My friend says a man she knows publishes 5000-word pornographic novelettes on Amazon. He tries to upload one a day — about thirty a month. So far he has 265 of these things for sale on Amazon. And…
…hang onto your hats, fellow frugalists…
AND the guy says he’s earning thirty grand A MONTH from sales on this stuff. Price is $2.99 a title, of which he gets 70%. That would work out to gross income on sales of $2.09 per sale per title. If each title sold once a month (about what Slave Labor is doing), he’d make about $530 a month. To generate $30,000, he’d have to make 15,000 sales a month: on average 57 sales per title each month.
That’s outrageously high, but for porn? Maybe not so much. One woman — a stay-at-home mom with a gift for fantasy — at one point was scoring (heh) a hundred thousand sales on a truly goofy concept.
In 2013, Amazon claimed to purge its offerings of the spicy stuff, but that appears not to have been so: a search of Amazon > Books > erotica brings up this amazing selection (avert your eyes if you’re the nicey-nice type!).
Lordie! There’s a hundred pages of hits! As it were.
Well. I don’t know that I could write porn, or that I would want to.
However, if what’s selling is 5,000-word pamphlets (in print, 5,000 words comes to about 12 or 14 pages), why not serialize the fiction that I do have???
FireRider, which is ready to go and has been languishing because my e-book guy is doing essentially nothing for me, would yield 32 installments if it were broken into 5,000-word chunks.

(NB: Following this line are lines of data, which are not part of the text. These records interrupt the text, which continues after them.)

lemma pullback_group_carrier [simp]:
    "carrier (pullback_group G s t) = {(x, y). x \<in> carrier G \<and> y \<in> carrier G \<and> s x = t y}"
  and pullback_group_mult [simp]:
    "(x, y) \<otimes>\<^bsub>pullback_group G s t\<^esub> (x', y') = (x \<otimes>\<^bsub>G\<^esub> x', y \<otimes>\<^bsub>G\<^esub> y')"
  by (simp_all add: pullback_group_def)

locale crossed_sq =
  fixes L :: "('l, 'c1) monoid_scheme" and M :: "('m, 'c2) monoid_scheme"
    and N :: "('n, 'c3) monoid_scheme" and P :: "('p, 'c4) monoid_scheme"
    and lam :: "'l \<Rightarrow> 'm" and lam' :: "'l \<Rightarrow> 'n" and mu :: "'m \<Rightarrow> 'p" and nu :: "'n \<Rightarrow> 'p"
    and actL :: "'p \<Rightarrow> 'l \<Rightarrow> 'l" and actM :: "'p \<Rightarrow> 'm \<Rightarrow> 'm" and actN :: "'p \<Rightarrow> 'n \<Rightarrow> 'n"
    and h :: "'m \<Rightarrow> 'n \<Rightarrow> 'l"
  assumes crossed_square: "crossed_square L M N P lam lam' mu nu actL actM actN h"
begin

sublocale L: group L using crossed_square by (simp add: crossed_square_def)
sublocale M: group M using crossed_square by (simp add: crossed_square_def)
sublocale N: group N using crossed_square by (simp add: crossed_square_def)
sublocale P: group P using crossed_square by (simp add: crossed_square_def)

sublocale lam: group_hom L M lam
  using crossed_square by (simp add: crossed_square_def group_hom_def group_hom_axioms_def)
sublocale lam': group_hom L N lam'
  using crossed_square by (simp add: crossed_square_def group_hom_def group_hom_axioms_def)
sublocale mu: group_hom M P mu
  using crossed_square by (simp add: crossed_square_def group_hom_def group_hom_axioms_def)
sublocale nu: group_hom N P nu
  using crossed_square by (simp add: crossed_square_def group_hom_def group_hom_axioms_def)
lemma Ffun_eq_1_minus_residual:
  obtains N c where "N \<ge> 0" "Ffun g a b = complex_of_real (1 - N)" "c 2 = 1"
    "N = 0 \<Longrightarrow> AE x in lborel. (\<Sum>i\<in>{0,1,2::nat}. c i * gabor_triple g a b i x) = 0"
proof -
  obtain D where D: "D > 0" "1 - \<alpha> * cnj \<alpha> = complex_of_real D" using gram_determinant_pos by blast
  define d where "d = complex_of_real D"
  have d: "d \<noteq> 0" "d = 1 - \<alpha> * cnj \<alpha>" "cnj d = d" using D by (simp_all add: d_def)
  define u1 where "u1 = stft G G a b"
  define u2 where "u2 = stft G G a (b - 1)"
  \<comment> \<open>\<open>c\<close> removes from the third Gabor atom its projection onto the span of the first two\<close>
  define c :: "nat \<Rightarrow> complex" where
    "c i = (if i = 0 then -(cnj u1 - cnj \<alpha> * cnj u2) / d else if i = 1 then -(cnj u2 - \<alpha> * cnj u1) / d else 1)" for i
  obtain N where N: "N \<ge> 0"
      "(\<Sum>i\<in>{0,1,2::nat}. \<Sum>j\<in>{0,1,2::nat}. c i * cnj (c j) * gram a b i j) = complex_of_real N"
      "N = 0 \<Longrightarrow> AE x in lborel. (\<Sum>i\<in>{0,1,2::nat}. c i * gabor_triple g a b i x) = 0"
    using gram_form_eq_norm_square[where c = c and a = a and b = b] by blast
  have c: "c 0 = -(cnj u1 - cnj \<alpha> * cnj u2) / d" "c 1 = -(cnj u2 - \<alpha> * cnj u1) / d" "c 2 = 1"
    by (simp_all add: c_def)
  have cnj_c: "cnj (c 0) = -(u1 - \<alpha> * u2) / d" "cnj (c 1) = -(u2 - cnj \<alpha> * u1) / d" "cnj (c 2) = 1"
    by (simp_all add: c_def d)
  have gram_entries: "gram a b 0 0 = 1" "gram a b 1 1 = 1" "gram a b 2 2 = 1"
    "gram a b 0 1 = \<alpha>" "gram a b 0 2 = u1" "gram a b 1 2 = u2"
    "gram a b 1 0 = cnj \<alpha>" "gram a b 2 0 = cnj u1" "gram a b 2 1 = cnj u2"
    using gram_0_1[of a b] gram_0_2[of a b] gram_1_2[of a b]
      gram_swap[of a b 1 0] gram_swap[of a b 2 0] gram_swap[of a b 2 1]
    by (simp_all add: gram_diagonal u1_def u2_def)
  have "(\<Sum>i\<in>{0,1,2::nat}. \<Sum>j\<in>{0,1,2::nat}. c i * cnj (c j) * gram a b i j)
      = 1 - ((u1 - \<alpha> * u2) * cnj u1 + (u2 - cnj \<alpha> * u1) * cnj u2) / d"
    unfolding sum_quadratic_form_3 cnj_c unfolding c gram_entries by (rule gram_residual_identity[OF d(1,2)])
  then have "1 - Ffun g a b = complex_of_real N"
    unfolding Ffun_eq[OF d(2,1)] u1_def[symmetric] u2_def[symmetric] N(2)[symmetric] ..
  then have "Ffun g a b = complex_of_real (1 - N)" by (simp add: algebra_simps)
  then show ?thesis using N by (intro that[of N c]) (simp_all add: c_def)
qed

lemma Ffun_lt_1:
  fixes a b :: int
  assumes "(a, b) \<notin> {(0, 0), (0, 1)}"
  shows "Ffun g a b \<in> \<real> \<and> Re (Ffun g a b) < 1"
proof -
  obtain N c where N: "N \<ge> 0" "Ffun g a b = complex_of_real (1 - N)" "c 2 = 1"
      "N = 0 \<Longrightarrow> AE x in lborel. (\<Sum>i\<in>{0,1,2::nat}. c i * gabor_triple g a b i x) = 0"
    using Ffun_eq_1_minus_residual[where a = a and b = b] by blast
  have "N \<noteq> 0"
  proof
    assume "N = 0"
    have "AE x in lborel. c 0 * G x + c 1 * cis (2 * pi * x) * G x
                + c 2 * cis (2 * pi * of_int b * x) * G (x - of_int a) = 0"
      using N(4)[OF \<open>N = 0\<close>] by eventually_elim (simp add: gabor_triple_def mult.assoc add.assoc)
    from gabor_triple_independent[OF assms this] show False using N(3) by simp
  qed
  then show ?thesis using N by simp
qed

end

theorem proposition2p5:
  fixes g :: "real \<Rightarrow> real"
  assumes meas: "g \<in> borel_measurable lborel"
    and L2: "integrable lborel (\<lambda>x. (g x)\<^sup>2)"
    and norm1: "(\<integral>x. (g x)\<^sup>2 \<partial>lborel) = 1"
  shows "Ffun g 0 0 = 1 \<and> Ffun g 0 1 = 1
    \<and> (\<forall>a b :: int. (a, b) \<notin> {(0, 0), (0, 1)} \<longrightarrow>
          Ffun g (of_int a) (of_int b) \<in> \<real> \<and> Re (Ffun g (of_int a) (of_int b)) < 1)
    \<and> (\<forall>a b :: int. (a, b) \<notin> {(0, 0), (0, 1)} \<longrightarrow>
          (\<forall>c1 c2 c3 :: complex.
             (AE x in lborel. c1 * of_real (g x) + c2 * cis (2 * pi * x) * of_real (g x)
                + c3 * cis (2 * pi * of_int b * x) * of_real (g (x - of_int a)) = 0)
             \<longrightarrow> c1 = 0 \<and> c2 = 0 \<and> c3 = 0))"
proof -
  interpret unit_window g using assms by unfold_locales
  show ?thesis using Ffun_0_0 Ffun_0_1 Ffun_lt_1 gabor_triple_independent by blast
qed

end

And what should I discover but a vast line-up of FREE Word-to-Kindle converters on the Web. You can use Amazon’s converter, too, which might be more likely to produce something that will work. What if I divided FR into 30 serial installments and mounted one a week or even one a day on Amazon?
I do not need to earn $30,000 a month. To achieve my life’s dream, my heart’s wish — never to read another freshman comp paper as long as I live — could be accomplished with $1200 a month.
At $2 a hit, about what our porn-writing informant says he takes home from Amazon, each of FireRider‘s 32 serial installments would have to sell just 19 times.
That’s a lot, in the world of Amazon. But it’s not impossible.
And now, my friends, the plot thickens:
Considering what I have that I might put online in small pieces, I went in search of the Novel Under the Bed: to wit, a story I wrote in graduate school, when I was trying not to stare at the train wreck I was making of my life by getting a Ph.D. in English literature and history.
And lo, way in the back of a dust-filled garage cabinet, I found the damn thing!
This manuscript, folks, is so old it was generated on a typewriter!
Yes. My first out-of-the-writing-seminar, in-the-wild-effort at writing fiction.
It’s just AWFUL! As a grad student, I could not write to save my life, apparently. However, it opens with a crazy action scene. Its heroine’s co-conspirator is a pimp. One of her mentors is his favorite ho. She falls in love with a gangland leader. And wouldncha know it, she’s a Ph.D. candidate.
Sociology, though. Not English. 😉
Well, I’m thinking it wouldn’t take very much now to pump this thing into a Word file, rewriting on the fly and adding some serious sex scenes, thereby coming up with a bad novel that could be sold on Amazon.
Et voilà! Two bad novels to serialize: FireRider and this other thing, whose title was “Neither Be for Him” (it’ll need something catchier than THAT!). Supposedly it came to 71,500 words, but that’s probably an estimate. Assuming it’s in the ball park, though, we could figure that serialized in 5000-word increments, it would yield another 14 bookoids. Now we’re up to 46 things to peddle.
And as for porno novelettes, life has handed me quite a bouquet in the form of my career and my students.
When I was teaching at the Great Desert University, one of my little chickadees described her life as a high-end call girl. She was working the resorts in Scottsdale by way of earning her tuition.
At Heavenly Gardens Community College, I met a very interesting young woman who worked as a pole dancer to support her little girl and send herself through school.
At Phoenix Ragazine, the most successful ad space sales agent during my tenure was a brassy broad whose out-of-the-office life can best be described as, uhm, active.
Back at GDU, we had the serial marriers: tenured faculty who would go through one graduate student after another, marrying, divorcing, and marrying again. One guy came back from a research trip supposedly spent in English archives with a new woman in tow. He showed up at the front door of his home with this lady at his side and informed his wife — late one of his graduate students — that she was out and the new kid was in. Literally threw the wife out of the house so he could install the new model.
Oh, and there was the sanctimonious full bull who liked to invite nubiles into his office to kneel and “pray.” No joke.
And the uproar that ensued recently when the president’s office issued an edict to the effect that diddling a student would henceforth be a firing offense…oh, my!
So extreme…in the early 80s, it took running a whorehouse out of your office, staffed by students, to get yourself fired. What is academe coming to?
There’s a lot to write about here. Quite a lot.